#### Work item:
Provide a character-exact reproduction of the lines from the line with "(auto simp: le_Suc_eq)" to the end of the entries.

#### Data shown:

lemma infinitely_often_set_invariant:
  fixes S :: "'a set"
  assumes T: "T \<in> M \<rightarrow>\<^sub>M M"
  defines "R \<equiv> {x \<in> space M. \<forall>m. \<exists>n\<ge>m. (T ^^ n) x \<in> S}"
  shows "T -` R \<inter> space M = R"
proof (rule set_eqI, rule iffI)
  fix x assume "x \<in> T -` R \<inter> space M"
  then have x: "x \<in> space M" "T x \<in> R" by auto
  have "\<exists>n\<ge>m. (T ^^ n) x \<in> S" for m
  proof -
    from x(2) obtain n where "n \<ge> m" "(T ^^ n) (T x) \<in> S" unfolding R_def by blast
    then show ?thesis by (intro exI[of _ "Suc n"]) (auto simp: funpow_swap1)
  qed
  then show "x \<in> R" using x(1) by (simp add: R_def)
next
  fix x assume x: "x \<in> R"
  have "\<exists>n\<ge>m. (T ^^ n) (T x) \<in> S" for m
  proof -
    from x obtain n where "n \<ge> Suc m" "(T ^^ n) x \<in> S" unfolding R_def by blast
    then obtain k where "k \<ge> m" "(T ^^ Suc k) x \<in> S" by (metis Suc_le_D Suc_le_mono)
    then show ?thesis by (auto simp: funpow_swap1)
  qed
  then show "x \<in> T -` R \<inter> space M" using x measurable_space[OF T] by (auto simp: R_def)
qed

lemma ergodic_invariant_measure_0_or_1:
  assumes "prob_space M" and erg: "ergodic_map M T" and S: "S \<in> sets M"
    and inv: "AE x in M. T x \<in> S \<longleftrightarrow> x \<in> S"
  shows "measure M S = 0 \<or> measure M S = 1"
proof -
  interpret prob_space M by fact
  have mp: "measure_preserving_map M T" using erg by (simp add: ergodic_map_def)
  note T = measure_preserving_map_measurable[OF mp]
  have orbit: "AE x in M. \<forall>n. (T ^^ n) x \<in> S \<longleftrightarrow> x \<in> S"
  proof -
    have "AE x in M. (T ^^ n) x \<in> S \<longleftrightarrow> x \<in> S" for n
    proof (induction n)
      case (Suc n)
      with AE_funpow_measure_preserving[OF mp inv, of n] show ?case by eventually_elim auto
    qed simp
    then show ?thesis by (simp add: AE_all_countable)
  qed
  \<comment> \<open>the points visiting S infinitely often form a strictly invariant version of S\<close>
  define S' where "S' = {x \<in> space M. \<forall>m. \<exists>n\<ge>m. (T ^^ n) x \<in> S}"
  have S'_eq: "S' = (\<Inter>m. \<Union>n\<in>{m..}. (T ^^ n) -` S \<inter> space M)"
    unfolding S'_def by (auto simp: Bex_def Ball_def)
  have S': "S' \<in> sets M" unfolding S'_eq
    by (intro sets.countable_INT' sets.countable_UN' image_subsetI
        measurable_sets[OF funpow_measurable[OF T] S]) auto
  have "T -` S' \<inter> space M = S'"
    unfolding S'_def by (rule infinitely_often_set_invariant[OF T])
  then have "measure M S' = 0 \<or> measure M S' = 1"
    using erg S' by (simp add: ergodic_map_def)
  moreover have "measure M S' = measure M S"
    by (rule measure_eq_AE[OF _ S' S]) (use orbit AE_space in \<open>eventually_elim; auto simp: S'_def\<close>)
  ultimately show ?thesis by simp
qed

section \<open>Counting windows of fast growth and fast descent\<close>

lemma monotone_window_increment_bound:
  fixes Y :: "nat \<Rightarrow> real" and bad :: "nat \<Rightarrow> bool"
  assumes t: "t \<ge> 0" and mono: "\<And>k j. Y k \<le> Y (k + j)"
    and good: "\<And>k. \<not> bad k \<Longrightarrow> \<exists>l\<in>{1..L}. Y k + t * real l \<le> Y (k + l)"
    and "k \<le> N"
  shows "t * (real N - real k - real L - real (card {j\<in>{k..<N}. bad j})) \<le> Y N - Y k"
  using \<open>k \<le> N\<close>
proof (induction "N - k" arbitrary: k rule: less_induct)
  case less
  show ?case
  proof (cases "k < N")
    case False
    then show ?thesis using less.prems t by (simp add: mult_nonneg_nonpos)
  next
    case kN: True
    show ?thesis
    proof (cases "bad k")
      case True
      have "{j\<in>{k..<N}. bad j} = insert k {j\<in>{Suc k..<N}. bad j}" using kN True by auto
      then have "card {j\<in>{k..<N}. bad j} = Suc (card {j\<in>{Suc k..<N}. bad j})" by simp
      moreover have "Y k \<le> Y (Suc k)" using mono[of k 1] by simp
      moreover have "t * (real N - real (Suc k) - real L - real (card {j\<in>{Suc k..<N}. bad j}))
          \<le> Y N - Y (Suc k)"
        using less.hyps[of "Suc k"] kN by simp
      ultimately show ?thesis by (simp add: algebra_simps)
    next
      case False
      then obtain l where l: "l \<in> {1..L}" "Y k + t * real l \<le> Y (k + l)" using good by blast
      show ?thesis
      proof (cases "k + l \<le> N")
        case True
        have "card {j\<in>{k + l..<N}. bad j} \<le> card {j\<in>{k..<N}. bad j}"
          by (rule card_mono) auto
        then have "t * (real N - real k - real L - real (card {j\<in>{k..<N}. bad j}))
            \<le> t * (real N - real (k + l) - real L - real (card {j\<in>{k + l..<N}. bad j})) + t * real l"
          using t by (simp add: algebra_simps mult_left_mono)
        moreover have "t * (real N - real (k + l) - real L - real (card {j\<in>{k + l..<N}. bad j}))
            \<le> Y N - Y (k + l)"
        proof -
          have "N - (k + l) < N - k" using True l(1) by auto
          then show ?thesis using less.hyps[of "k + l"] True by simp
        qed
        ultimately show ?thesis using l(2) by linarith
      next
        case False
        then have "t * (real N - real k - real L - real (card {j\<in>{k..<N}. bad j})) \<le> 0"
          using l(1) t by (intro mult_nonneg_nonpos) auto
        moreover have "Y k \<le> Y N" using mono[of k "N - k"] kN by simp
        ultimately show ?thesis by linarith
      qed
    qed
  qed
qed

lemma descent_count_bound:
  fixes \<beta> u :: "nat \<Rightarrow> real" and a :: real
  assumes "\<beta> 0 = 0" and step: "\<And>k. \<beta> (Suc k) \<le> \<beta> k + u k" and "a < 0"
    and u: "\<And>k. 0 \<le> u k"
  shows "\<beta> N - a * real (card ({n. \<exists>l\<in>{1..n}. \<beta> n - \<beta> (n - l) \<le> a * real l} \<inter> {1..N}))
           \<le> (\<Sum>i<N. u i)"
proof (induction N rule: less_induct)
  case (less N)
  define E where "E = {n. \<exists>l\<in>{1..n}. \<beta> n - \<beta> (n - l) \<le> a * real l}"
  have IH: "\<And>m. m < N \<Longrightarrow> \<beta> m - a * real (card (E \<inter> {1..m})) \<le> (\<Sum>i<m. u i)"
    using less unfolding E_def by blast
  consider "N = 0" | N' where "N = Suc N'" "N \<notin> E" | "N \<in> E"
    by (metis not0_implies_Suc)
  then have "\<beta> N - a * real (card (E \<inter> {1..N})) \<le> (\<Sum>i<N. u i)"
  proof cases
    case 1
    then show ?thesis using \<open>\<beta> 0 = 0\<close> by simp
  next
    case 2
    then have "E \<inter> {1..N} = E \<inter> {1..N'}" by (auto simp: le_Suc_eq)
    then show ?thesis using IH[of N'] step[of N'] 2 by simp
  next
    case 3
    then obtain l where l: "l \<in> {1..N}" "\<beta> N - \<beta> (N - l) \<le> a * real l" unfolding E_def by blast
    have "card (E \<inter> {1..N}) \<le> card ((E \<inter> {1..N - l}) \<union> {N - l + 1..N})"
      by (rule card_mono) auto
    also have "\<dots> \<le> card (E \<inter> {1..N - l}) + l"
      using card_Un_le[of "E \<inter> {1..N - l}" "{N - l + 1..N}"] l(1) by simp
    finally have "- a * real (card (E \<inter> {1..N})) \<le> - a * (real (card (E \<inter> {1..N - l})) + real l)"
      using \<open>a < 0\<close> by (intro mult_left_mono) auto
    moreover have "(\<Sum>i<N - l. u i) \<le> (\<Sum>i<N. u i)" by (rule sum_mono2) (auto simp: u)
    ultimately show ?thesis using IH[of "N - l"] l by (simp add: algebra_simps)
  qed
  then show ?case unfolding E_def .
qed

#### Answer to this exercise:
    then have "E \<inter> {1..N} = E \<inter> {1..N'}" by (auto simp: le_Suc_eq)
    then show ?thesis using IH[of N'] step[of N'] 2 by simp
  next
    case 3
    then obtain l where l: "l \<in> {1..N}" "\<beta> N - \<beta> (N - l) \<le> a * real l" unfolding E_def by blast
    have "card (E \<inter> {1..N}) \<le> card ((E \<inter> {1..N - l}) \<union> {N - l + 1..N})"
      by (rule card_mono) auto
    also have "\<dots> \<le> card (E \<inter> {1..N - l}) + l"
      using card_Un_le[of "E \<inter> {1..N - l}" "{N - l + 1..N}"] l(1) by simp
    finally have "- a * real (card (E \<inter> {1..N})) \<le> - a * (real (card (E \<inter> {1..N - l})) + real l)"
      using \<open>a < 0\<close> by (intro mult_left_mono) auto
    moreover have "(\<Sum>i<N - l. u i) \<le> (\<Sum>i<N. u i)" by (rule sum_mono2) (auto simp: u)
    ultimately show ?thesis using IH[of "N - l"] l by (simp add: algebra_simps)
  qed
  then show ?case unfolding E_def .
qed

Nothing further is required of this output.